駅東側はエフを囲うように一方通行路が通り、その周囲を公団の市街地住宅が囲う。駅を中心にして団地が「壁」のようになっており、景色が広がらない(からまちのイメージが広がらない)のも藤が丘の特徴といえるかもしれない。
「建物密度」が高くてとにかく見通しがきかない……のはずなのに、エフのほかにめぼしい商業施設といえば左奥に見える「マックスバリュ」くらい。
藤が丘エフがその圧倒的有利な立地で総合スーパーではなく上層部コインパーキングで微妙な規模の施設になってしまうのは車社会の名古屋故という感じがする。
このそこはかとなく感じる「物足りなさ」はきっと多くの人にとって藤が丘が「通過点」でしかないからなのかもしれない。
バスは長久手や瀬戸方面へいく便が中心。名古屋都心部との交通結節点としては結構厚みがある。
でもどうしてももっとスーパーや商店があっていいはずなのに……という感触が藤が丘の「個性」のように思ったりもする。
一歩裏手に入ると団地。
駅から5分も歩けばこんな景観に出会える。この商業地の広がらなさは完全に新興住宅地の"それ"だ。
なんか藤が丘にはうっかり団地商店街の駅前に駅やバスターミナルを作ったら地元の人のための商店街の商圏をはるかに上回る知名度と人の波を生み出してしまった!みたいな面白さがある。
知名度はしっかりある。

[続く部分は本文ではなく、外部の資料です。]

lemma accept_prob_congruence:
  assumes E: "E \<in> carrier_mat r r" and B: "B \<in> carrier_mat r c" and M: "M \<in> carrier_mat c c"
  shows "accept_prob E (B * M * cadj B) = accept_prob (cadj B * E * B) M"
proof -
  have B': "cadj B \<in> carrier_mat c r" using B by simp
  have EB: "E * B \<in> carrier_mat r c" and MB: "M * cadj B \<in> carrier_mat c r" using E B M by auto
  have "mtrace (E * (B * M * cadj B)) = mtrace ((E * B * M) * cadj B)"
    by (simp add: assoc_mult_mat[OF B M B'] assoc_mult_mat[OF E B MB] assoc_mult_mat[OF EB M B'])
  also have "\<dots> = mtrace (cadj B * (E * B * M))"
    using EB M B' by (intro mtrace_mult_commute[of _ r c]) auto
  also have "\<dots> = mtrace (cadj B * E * B * M)"
    by (simp add: assoc_mult_mat[OF B' E B] assoc_mult_mat[OF B' EB M])
  finally show ?thesis unfolding accept_prob_def by simp
qed

lemma effect_imp_psd_fun:
  assumes "effect n E"
  shows "psd_fun n (\<lambda>i j. E $$ (i,j))" "psd_fun n (\<lambda>i j. (if i = j then 1 else 0) - E $$ (i,j))"
proof -
  have "E \<in> carrier_mat n n" using assms unfolding effect_def psd_def by auto
  then have "psd_fun n (\<lambda>i j. (1\<^sub>m n - E) $$ (i,j)) = psd_fun n (\<lambda>i j. (if i = j then 1 else 0) - E $$ (i,j))"
    by (intro psd_fun_cong) auto
  then show "psd_fun n (\<lambda>i j. E $$ (i,j))" "psd_fun n (\<lambda>i j. (if i = j then 1 else 0) - E $$ (i,j))"
    using assms psd_imp_psd_fun unfolding effect_def by auto
qed

section \<open>The Pauli, embedding and permutation matrices\<close>

lemma kron_dims [simp]:
  "dim_row (kron A B) = dim_row A * dim_row B" "dim_col (kron A B) = dim_col A * dim_col B"
  by (simp_all add: kron_def)

lemma kron_index:
  "i < dim_row A * dim_row B \<Longrightarrow> j < dim_col A * dim_col B \<Longrightarrow>
    kron A B $$ (i,j) = A $$ (i div dim_row B, j div dim_col B) * B $$ (i mod dim_row B, j mod dim_col B)"
  by (simp add: kron_def)

lemma mod_less_of_less_mult: "i < a * (b::nat) \<Longrightarrow> i mod b < b"
  by (metis mod_less_divisor mult_0_right neq0_conv not_less0)

lemma cadj_kron: "cadj (kron A B) = kron (cadj A) (cadj B)"
  by (rule eq_matI) (simp_all add: kron_index less_mult_imp_div_less mod_less_of_less_mult)

lemma kron_mult:
  assumes "dim_col A = dim_row C" "dim_col B = dim_row D"
  shows "kron A B * kron C D = kron (A * C) (B * D)"
proof (rule eq_matI)
  fix i j assume "i < dim_row (kron (A * C) (B * D))" "j < dim_col (kron (A * C) (B * D))"
  then have i: "i < dim_row A * dim_row B" and j: "j < dim_col C * dim_col D" by simp_all
  let ?cA = "dim_col A" and ?cB = "dim_col B"
  have "(kron A B * kron C D) $$ (i,j) = (\<Sum>k<?cA * ?cB. kron A B $$ (i,k) * kron C D $$ (k,j))"
    using i j assms by (intro mult_mat_index_sum) (auto intro: carrier_matI)
  also have "\<dots> = (\<Sum>k1<?cA. \<Sum>k2<?cB. kron A B $$ (i,k1*?cB+k2) * kron C D $$ (k1*?cB+k2,j))"
    by (rule sum_lessThan_mult_split)
  also have "\<dots> = (\<Sum>k1<?cA. \<Sum>k2<?cB. (A $$ (i div dim_row B, k1) * C $$ (k1, j div dim_col D)) *
        (B $$ (i mod dim_row B, k2) * D $$ (k2, j mod dim_col D)))"
  proof (intro sum.cong refl)
    fix k1 k2 assume k: "k1 \<in> {..<?cA}" "k2 \<in> {..<?cB}"
    have "k1 * ?cB + k2 < (k1 + 1) * ?cB" using k by simp
    also have "\<dots> \<le> ?cA * ?cB" using k by (intro mult_right_mono) auto
    finally have "k1 * ?cB + k2 < ?cA * ?cB" .
    moreover have "(k1 * ?cB + k2) div ?cB = k1" "(k1 * ?cB + k2) mod ?cB = k2" using k by auto
    ultimately show "kron A B $$ (i,k1*?cB+k2) * kron C D $$ (k1*?cB+k2,j)
        = (A $$ (i div dim_row B, k1) * C $$ (k1, j div dim_col D)) *
          (B $$ (i mod dim_row B, k2) * D $$ (k2, j mod dim_col D))"
      using i j assms by (simp add: kron_index ac_simps)
  qed
  also have "\<dots> = (A * C) $$ (i div dim_row B, j div dim_col D) * (B * D) $$ (i mod dim_row B, j mod dim_col D)"
    using i j assms
    by (simp add: sum_product[symmetric] less_mult_imp_div_less mod_less_of_less_mult
        scalar_prod_def atLeast0LessThan)
  also have "\<dots> = kron (A * C) (B * D) $$ (i,j)"
    using i j by (simp add: kron_index)
  finally show "(kron A B * kron C D) $$ (i,j) = kron (A * C) (B * D) $$ (i,j)" .
qed simp_all

lemma kron_one: "kron (1\<^sub>m a) (1\<^sub>m b) = 1\<^sub>m (a * b)"
proof (rule eq_matI)
  fix i j assume "i < dim_row (1\<^sub>m (a * b))" "j < dim_col (1\<^sub>m (a * b))"
  then have ij: "i < a * b" "j < a * b" by simp_all
  have "(i div b = j div b \<and> i mod b = j mod b) = (i = j)"
    by (metis div_mult_mod_eq)
  then show "kron (1\<^sub>m a) (1\<^sub>m b) $$ (i, j) = 1\<^sub>m (a * b) $$ (i, j)"
    using ij by (auto simp: kron_index less_mult_imp_div_less mod_less_of_less_mult)
qed simp_all

definition pauli_gate :: "bool \<Rightarrow> bool \<Rightarrow> complex mat" where
  "pauli_gate a b = (if a then pauliX else 1\<^sub>m 2) * (if b then pauliZ else 1\<^sub>m 2)"

lemma pauli_gate_dims [simp]: "dim_row (pauli_gate a b) = 2" "dim_col (pauli_gate a b) = 2"
  by (simp_all add: pauli_gate_def pauliX_def pauliZ_def)

lemma pauli_gate_unitary: "cadj (pauli_gate a b) * pauli_gate a b = 1\<^sub>m 2"
proof -
  have two: "(i::nat) < 2 \<longleftrightarrow> i = 0 \<or> i = 1" for i by auto
  have sum2: "(\<Sum>k\<in>{0..<2::nat}. f k) = f 0 + f 1" for f :: "nat \<Rightarrow> complex"
    by (simp add: numeral_2_eq_2)
  show ?thesis
    by (rule eq_matI) (auto simp: pauli_gate_def pauliX_def pauliZ_def two scalar_prod_def sum2 cadj_def)
qed

lemma pauliU_carrier: "pauliU k \<in> carrier_mat (2^(length k div 2)) (2^(length k div 2))"
  by (induction k rule: pauliU.induct) (auto simp: pauli_gate_def[symmetric] intro: carrier_matI)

路線バスも集まってきて交通結節点としての機能も十分。でもなぜか商業だけが弱い。藤が丘の面白さであり、また課題でもあるのだろう。
ほら、駅前から少し歩けばこんなにいい雰囲気のマンション街だってある。
住宅地としては優秀なのだ。ただ、地下鉄の終点である「知名度」や交通結節点としての機能が果たされているだけに、それが微妙にこのまちを見るにあたって邪魔をする。
ひょっとすると我々は藤が丘に対して、過度な「期待」をしすぎているのかもしれない…………それは思ったよりしょぼいよ!という意味ではなく、藤が丘という「まち」に「名古屋東郊の郊外拠点としての期待に応えさせよう」としている強制の問題だ(今回は妙にコムズカシイね!)。我々がそうイメージすることで、藤が丘は「名古屋東郊の郊外拠点」たらしめようと背伸びをする。でも、無理をしなくても、藤が丘のらしさを探す道はたくさんある。
我々まちの趣味者(やひょっとすると都市計画や行政の人々も)はあまりにも藤が丘に「拠点性」を求めすぎてしまった。これだけ外からつけられた「ブランド」に苦労しているまちもそうは多くまい。鉄道路線の「行先」の意味の重さでもある。
もう無理をしなくてもいいよ。「藤が丘」は藤が丘のみちがきっとある。